Smith's Les Femmes Fatales spotlights brown and black females of varied body types, ethnicity, and gender expressions. The troupe's name is inspired by cinematic femmes fatales, characters who Smith has long identified with, stating that, "I didn’t see them as bad people, I saw them as survivors – women who had been through hell and back....The femmes fatales had war wounds and knew how to be glamorous in spite of those wounds..." Of this trailblazing troupe, artist and activist Ravyn Wngz recently shared: "When Dainty Smith founded Les Femmes Fatales, she changed the game for black and brown, queer and non-binary folks here in Toronto and in North America. They weren't any burlesque spaces for us before and she's created quite the platform for us to be seen and showcased."

==Collaborators==
Smith has been integral to Toronto's cultural scene, frequently collaborating with other artists who foreground activism and Blackness in their artistic practice.
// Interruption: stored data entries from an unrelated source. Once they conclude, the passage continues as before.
lemma orthogonal_matrix_diag3:
  assumes "a * a = 1" "b * b = 1" "c * c = 1"
  shows "orthogonal_matrix (diag3 a b c)"
  using assms by (simp add: orthogonal_matrix diag3_mult diag3_one)

lemma diagonal_if_sign_change_invariant:
  fixes M :: "real^3^3"
  assumes "transpose (diag3 (-1) 1 1) ** M ** diag3 (-1) 1 1 = M"
    and "transpose (diag3 1 (-1) 1) ** M ** diag3 1 (-1) 1 = M"
  shows "M = diag3 (M$1$1) (M$2$2) (M$3$3)"
  using assms by (simp add: mat3_eq_iff mat3_mult_nth)

lemma diagonal_if_commute_diag3:
  fixes U :: "real^3^3"
  assumes "U ** diag3 a b c = diag3 a b c ** U" "a \<noteq> b" "a \<noteq> c" "b \<noteq> c"
  shows "U = diag3 (U$1$1) (U$2$2) (U$3$3)"
proof -
  have "(U ** diag3 a b c) $ i $ j = (diag3 a b c ** U) $ i $ j" for i j
    using assms(1) by simp
  from this[of 1 2] this[of 1 3] this[of 2 1] this[of 2 3] this[of 3 1] this[of 3 2] assms(2-4)
  show ?thesis by (auto simp: mat3_eq_iff mat3_mult_nth)
qed

definition swap12 :: "real^3^3" where
  "swap12 = (\<chi> i j. if (i = 1 \<and> j = 2) \<or> (i = 2 \<and> j = 1) \<or> (i = 3 \<and> j = 3) then 1 else 0)"

definition swap23 :: "real^3^3" where
  "swap23 = (\<chi> i j. if (i = 1 \<and> j = 1) \<or> (i = 2 \<and> j = 3) \<or> (i = 3 \<and> j = 2) then 1 else 0)"

lemma orthogonal_matrix_swap12: "orthogonal_matrix swap12"
  by (simp add: orthogonal_matrix mat3_eq_iff mat3_mult_nth swap12_def transpose_def mat_def)

lemma orthogonal_matrix_swap23: "orthogonal_matrix swap23"
  by (simp add: orthogonal_matrix mat3_eq_iff mat3_mult_nth swap23_def transpose_def mat_def)

lemma swap12_conj_diag3: "transpose swap12 ** diag3 a b c ** swap12 = diag3 b a c"
  by (simp add: mat3_eq_iff mat3_mult_nth swap12_def transpose_def)

lemma swap23_conj_diag3: "transpose swap23 ** diag3 a b c ** swap23 = diag3 a c b"
  by (simp add: mat3_eq_iff mat3_mult_nth swap23_def transpose_def)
Smith often works with Ravyn Wngz and Syrus Marcus Ware. Wngz and Smith have produced the 'Body Love' workshop at The 519, while Wngz is a member of Les Femmes Fatales. Smith and Wngz were featured performers in Ware's Antarctica (2019), a mixed-media installation commissioned by the 2019 Toronto Biennial. Smith was also the subject of a large scale charcoal portrait by Ware, exhibited as part of his Activist Portrait Series (2015–16) shown at the Art Gallery of Ontario in 2017.

==Reception==
Smith has garnered considerable media attention, particularly for her burlesque performance and role as founder of Les Femmes Fatales. In 2017 she was featured on the CBC Television series Exhibitionists for her leadership role within Toronto's burlesque community. The episode referenced the phrase "black thighs save lives" which Smith coined to describe the empowerment that results from the daring and vulnerable performances created by Les Femmes Fatales. CBC writer Peter Knegt has called Les Femmes Fatales the "premiere burlesque troupe for Black women and women of colour, femmes and gender non-conforming persons."